[Records shown]:
*** Block opens ***

lemma suitable_basis_E_B_support:
  assumes "suitable_basis p \<psi>" and "2 \<le> p"
  obtains J i0 where "J \<subseteq> {..<(p + 1) * (p + 2) div 2}" "card J \<le> Suc p" "i0 \<in> J"
    "edge_fun E_B E_A E_C (\<psi> i0)"
    "\<And>i x. i < (p + 1) * (p + 2) div 2 \<Longrightarrow> i \<notin> J \<Longrightarrow> x \<in> E_B \<Longrightarrow> \<psi> i x = 0"
proof -
  obtain a b c IA IB IC I where
    part: "{a, b, c} \<union> IA \<union> IB \<union> IC \<union> I = {..<(p + 1) * (p + 2) div 2}" and
    card_IB: "card IB = p - 1" and
    vertex_b: "vertex_fun V_B {V_A, V_C} E_B (\<psi> b)" and
    edge_A: "\<forall>i\<in>IA. edge_fun E_A E_B E_C (\<psi> i)" and
    edge_B: "\<forall>i\<in>IB. edge_fun E_B E_A E_C (\<psi> i)" and
    edge_C: "\<forall>i\<in>IC. edge_fun E_C E_A E_B (\<psi> i)" and
    interior: "\<forall>i\<in>I. interior_fun (\<psi> i)"
    using assms(1) unfolding suitable_basis_def Let_def by metis
  have "finite IB" and "IB \<noteq> {}"
    using card_IB assms(2) by (auto intro: card_ge_0_finite)
  then obtain i0 where "i0 \<in> IB" by blast
  let ?J = "insert a (insert c IB)"
  have "card ?J \<le> Suc p"
    using \<open>finite IB\<close> card_IB assms(2) by (auto simp: card_insert_if)
  moreover have "\<psi> i x = 0" if "i < (p + 1) * (p + 2) div 2" "i \<notin> ?J" "x \<in> E_B" for i x
  proof -
    have "i = b \<or> i \<in> IA \<or> i \<in> IC \<or> i \<in> I"
      using that(1,2) part by blast
    then show ?thesis
      using that(3) vertex_b edge_A edge_C interior
      unfolding vertex_fun_def edge_fun_def interior_fun_def by blast
  qed
  ultimately show ?thesis
    using that[of ?J i0] part \<open>i0 \<in> IB\<close> edge_B by blast
qed
lemma U_env_add_atom_le:
  assumes hP: "(h, P) \<in> situations X x0" and L: "L \<in> X" "best_so_far h < L" and eps: "0 < \<epsilon>" "\<epsilon> < 1"
    and "0 \<in> X"
  shows "U_env \<delta> p (env_of_pmf (add_atom \<epsilon> L P)) h
    \<le> ennreal (payoff_ratio \<delta> p (h, P) * best_so_far h
        + (\<delta> * \<epsilon> * L * sup_payoff_ratio \<delta> p X x0 / (1 - \<delta>)) * (1 - payoff_ratio \<delta> p (h, P)))"
proof -
  let ?y = "best_so_far h" and ?a = "payoff_ratio \<delta> p (h, P)" and ?A = "sup_payoff_ratio \<delta> p X x0"
  define K where "K = \<delta> * \<epsilon> * L * ?A / (1 - \<delta>)"
  have fin: "finite (set_pmf P)" and below: "\<forall>s\<in>set_pmf P. s \<le> ?y"
    using hP by (auto simp: situations_def)
  have L_new: "L \<notin> set_pmf P" using below L by force
  interpret P: finite_env \<delta> p P using \<delta> p fin by unfold_locales
  interpret P': finite_env \<delta> p "add_atom \<epsilon> L P"
    using \<delta> p finite_set_pmf_add_atom[OF eps L_new fin] by unfold_locales
  have h: "h \<noteq> []" "0 < ?y" using situations_best_so_far_pos[OF hP x0] by auto
  have payoff_h: "P.payoff h = ?a * ?y" using h by (simp add: payoff_ratio_def)
  show ?thesis unfolding K_def[symmetric]
  proof (rule P'.U_env_le_of_partial_payoff)
    fix N
    have "?y * P'.partial_payoff N h + K * P.payoff h \<le> ?y * P.payoff h + K * ?y"
      unfolding K_def using hP h
      by (intro partial_payoff_add_atom_le[OF \<delta> p fin eps below h(2) L(2)
            sup_payoff_ratio_bounds(1)[OF \<open>0 \<in> X\<close>],
            where R = "\<lambda>h'. h' \<in> histories X x0 \<and> set (tl h') \<subseteq> set_pmf P"]
          U_env_snoc_atom_le[OF hP L eps])
        (auto simp: situations_def histories_def)
    then have "?y * P'.partial_payoff N h \<le> ?y * (?a * ?y + K * (1 - ?a))"
      unfolding payoff_h by (simp add: algebra_simps)
    then show "P'.partial_payoff N h \<le> ?a * ?y + K * (1 - ?a)" using h by simp
  qed (use h in auto)
qed
lemma mcong_append_if_mleq:
  "gen_word u \<Longrightarrow> gen_word v \<Longrightarrow> \<forall>b\<in>set v. mleq b (prod_list u) \<Longrightarrow>
    mcong (pres_rels TYPE('a)) u (u @ v)"
proof (induction v arbitrary: u)
  case Nil
  then show ?case by (simp add: mcong.refl)
next
  case (Cons b v)
  have "mcong (pres_rels TYPE('a)) u (u @ [b])" using Cons.prems by (intro mcong_snoc_if_mleq) auto
  moreover have "prod_list (u @ [b]) = prod_list u"
    using Cons.prems(3) by (simp add: mleq_def mult.commute)
  then have "mcong (pres_rels TYPE('a)) (u @ [b]) ((u @ [b]) @ v)"
    using Cons.prems by (intro Cons.IH) auto
  ultimately show ?case by (auto intro: mcong.trans)
qed

lemma prod_list_eq_iff_mcong:
  assumes "gen_word u" "gen_word v"
  shows "prod_list u = prod_list v \<longleftrightarrow> mcong (pres_rels TYPE('a)) u v"
proof
  assume eq: "prod_list u = prod_list v"
  have "mcong (pres_rels TYPE('a)) u (u @ v)"
    using assms eq by (intro mcong_append_if_mleq) (auto simp: prod_list_eq_prod_set mleq_prod)
  moreover have "mcong (pres_rels TYPE('a)) v (v @ u)"
    using assms eq[symmetric] by (intro mcong_append_if_mleq) (auto simp: prod_list_eq_prod_set mleq_prod)
  moreover have "mcong (pres_rels TYPE('a)) (u @ v) (v @ u)"
    using assms by (rule mcong_append_commute)
  ultimately show "mcong (pres_rels TYPE('a)) u v" by (meson mcong.sym mcong.trans)
qed (rule prod_list_eq_if_mcong)

lemma ex_atom_word: "\<exists>w. gen_word w \<and> prod_list w = (x::'a)"
proof -
  have "atomic TYPE('a)" using geometric by (simp add: geometric_def)
  then obtain S where S: "\<forall>a\<in>S. atom a" "x = join_set S" unfolding atomic_def by blast
  obtain w where "set w = S" using finite_list[OF finite] by blast
  then show ?thesis using S by (auto simp: prod_list_eq_prod_set join_set_def)
qed

end

theorem theorem1:
  assumes "\<forall>x::'a::{finite,comm_monoid_mult}. x * x = x"
    and "geometric TYPE('a)"
  shows "has_presentation TYPE('a) atom (pres_rels TYPE('a))"
proof -
  interpret geometric_idempotent_monoid "TYPE('a)"
    using assms by unfold_locales auto
  show ?thesis
    unfolding has_presentation_def using ex_atom_word prod_list_eq_iff_mcong by blast
qed

end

*** Block closes ***

[Prompt]: Transcribe the listing from start to finish, exactly as given.

[Output for this task]:
lemma suitable_basis_E_B_support:
  assumes "suitable_basis p \<psi>" and "2 \<le> p"
  obtains J i0 where "J \<subseteq> {..<(p + 1) * (p + 2) div 2}" "card J \<le> Suc p" "i0 \<in> J"
    "edge_fun E_B E_A E_C (\<psi> i0)"
    "\<And>i x. i < (p + 1) * (p + 2) div 2 \<Longrightarrow> i \<notin> J \<Longrightarrow> x \<in> E_B \<Longrightarrow> \<psi> i x = 0"
proof -
  obtain a b c IA IB IC I where
    part: "{a, b, c} \<union> IA \<union> IB \<union> IC \<union> I = {..<(p + 1) * (p + 2) div 2}" and
    card_IB: "card IB = p - 1" and
    vertex_b: "vertex_fun V_B {V_A, V_C} E_B (\<psi> b)" and
    edge_A: "\<forall>i\<in>IA. edge_fun E_A E_B E_C (\<psi> i)" and
    edge_B: "\<forall>i\<in>IB. edge_fun E_B E_A E_C (\<psi> i)" and
    edge_C: "\<forall>i\<in>IC. edge_fun E_C E_A E_B (\<psi> i)" and
    interior: "\<forall>i\<in>I. interior_fun (\<psi> i)"
    using assms(1) unfolding suitable_basis_def Let_def by metis
  have "finite IB" and "IB \<noteq> {}"
    using card_IB assms(2) by (auto intro: card_ge_0_finite)
  then obtain i0 where "i0 \<in> IB" by blast
  let ?J = "insert a (insert c IB)"
  have "card ?J \<le> Suc p"
    using \<open>finite IB\<close> card_IB assms(2) by (auto simp: card_insert_if)
  moreover have "\<psi> i x = 0" if "i < (p + 1) * (p + 2) div 2" "i \<notin> ?J" "x \<in> E_B" for i x
  proof -
    have "i = b \<or> i \<in> IA \<or> i \<in> IC \<or> i \<in> I"
      using that(1,2) part by blast
    then show ?thesis
      using that(3) vertex_b edge_A edge_C interior
      unfolding vertex_fun_def edge_fun_def interior_fun_def by blast
  qed
  ultimately show ?thesis
    using that[of ?J i0] part \<open>i0 \<in> IB\<close> edge_B by blast
qed
lemma U_env_add_atom_le:
  assumes hP: "(h, P) \<in> situations X x0" and L: "L \<in> X" "best_so_far h < L" and eps: "0 < \<epsilon>" "\<epsilon> < 1"
    and "0 \<in> X"
  shows "U_env \<delta> p (env_of_pmf (add_atom \<epsilon> L P)) h
    \<le> ennreal (payoff_ratio \<delta> p (h, P) * best_so_far h
        + (\<delta> * \<epsilon> * L * sup_payoff_ratio \<delta> p X x0 / (1 - \<delta>)) * (1 - payoff_ratio \<delta> p (h, P)))"
proof -
  let ?y = "best_so_far h" and ?a = "payoff_ratio \<delta> p (h, P)" and ?A = "sup_payoff_ratio \<delta> p X x0"
  define K where "K = \<delta> * \<epsilon> * L * ?A / (1 - \<delta>)"
  have fin: "finite (set_pmf P)" and below: "\<forall>s\<in>set_pmf P. s \<le> ?y"
    using hP by (auto simp: situations_def)
  have L_new: "L \<notin> set_pmf P" using below L by force
  interpret P: finite_env \<delta> p P using \<delta> p fin by unfold_locales
  interpret P': finite_env \<delta> p "add_atom \<epsilon> L P"
    using \<delta> p finite_set_pmf_add_atom[OF eps L_new fin] by unfold_locales
  have h: "h \<noteq> []" "0 < ?y" using situations_best_so_far_pos[OF hP x0] by auto
  have payoff_h: "P.payoff h = ?a * ?y" using h by (simp add: payoff_ratio_def)
  show ?thesis unfolding K_def[symmetric]
  proof (rule P'.U_env_le_of_partial_payoff)
    fix N
    have "?y * P'.partial_payoff N h + K * P.payoff h \<le> ?y * P.payoff h + K * ?y"
      unfolding K_def using hP h
      by (intro partial_payoff_add_atom_le[OF \<delta> p fin eps below h(2) L(2)
            sup_payoff_ratio_bounds(1)[OF \<open>0 \<in> X\<close>],
            where R = "\<lambda>h'. h' \<in> histories X x0 \<and> set (tl h') \<subseteq> set_pmf P"]
          U_env_snoc_atom_le[OF hP L eps])
        (auto simp: situations_def histories_def)
    then have "?y * P'.partial_payoff N h \<le> ?y * (?a * ?y + K * (1 - ?a))"
      unfolding payoff_h by (simp add: algebra_simps)
    then show "P'.partial_payoff N h \<le> ?a * ?y + K * (1 - ?a)" using h by simp
  qed (use h in auto)
qed
lemma mcong_append_if_mleq:
  "gen_word u \<Longrightarrow> gen_word v \<Longrightarrow> \<forall>b\<in>set v. mleq b (prod_list u) \<Longrightarrow>
    mcong (pres_rels TYPE('a)) u (u @ v)"
proof (induction v arbitrary: u)
  case Nil
  then show ?case by (simp add: mcong.refl)
next
  case (Cons b v)
  have "mcong (pres_rels TYPE('a)) u (u @ [b])" using Cons.prems by (intro mcong_snoc_if_mleq) auto
  moreover have "prod_list (u @ [b]) = prod_list u"
    using Cons.prems(3) by (simp add: mleq_def mult.commute)
  then have "mcong (pres_rels TYPE('a)) (u @ [b]) ((u @ [b]) @ v)"
    using Cons.prems by (intro Cons.IH) auto
  ultimately show ?case by (auto intro: mcong.trans)
qed

lemma prod_list_eq_iff_mcong:
  assumes "gen_word u" "gen_word v"
  shows "prod_list u = prod_list v \<longleftrightarrow> mcong (pres_rels TYPE('a)) u v"
proof
  assume eq: "prod_list u = prod_list v"
  have "mcong (pres_rels TYPE('a)) u (u @ v)"
    using assms eq by (intro mcong_append_if_mleq) (auto simp: prod_list_eq_prod_set mleq_prod)
  moreover have "mcong (pres_rels TYPE('a)) v (v @ u)"
    using assms eq[symmetric] by (intro mcong_append_if_mleq) (auto simp: prod_list_eq_prod_set mleq_prod)
  moreover have "mcong (pres_rels TYPE('a)) (u @ v) (v @ u)"
    using assms by (rule mcong_append_commute)
  ultimately show "mcong (pres_rels TYPE('a)) u v" by (meson mcong.sym mcong.trans)
qed (rule prod_list_eq_if_mcong)

lemma ex_atom_word: "\<exists>w. gen_word w \<and> prod_list w = (x::'a)"
proof -
  have "atomic TYPE('a)" using geometric by (simp add: geometric_def)
  then obtain S where S: "\<forall>a\<in>S. atom a" "x = join_set S" unfolding atomic_def by blast
  obtain w where "set w = S" using finite_list[OF finite] by blast
  then show ?thesis using S by (auto simp: prod_list_eq_prod_set join_set_def)
qed

end

theorem theorem1:
  assumes "\<forall>x::'a::{finite,comm_monoid_mult}. x * x = x"
    and "geometric TYPE('a)"
  shows "has_presentation TYPE('a) atom (pres_rels TYPE('a))"
proof -
  interpret geometric_idempotent_monoid "TYPE('a)"
    using assms by unfold_locales auto
  show ?thesis
    unfolding has_presentation_def using ex_atom_word prod_list_eq_iff_mcong by blast
qed

end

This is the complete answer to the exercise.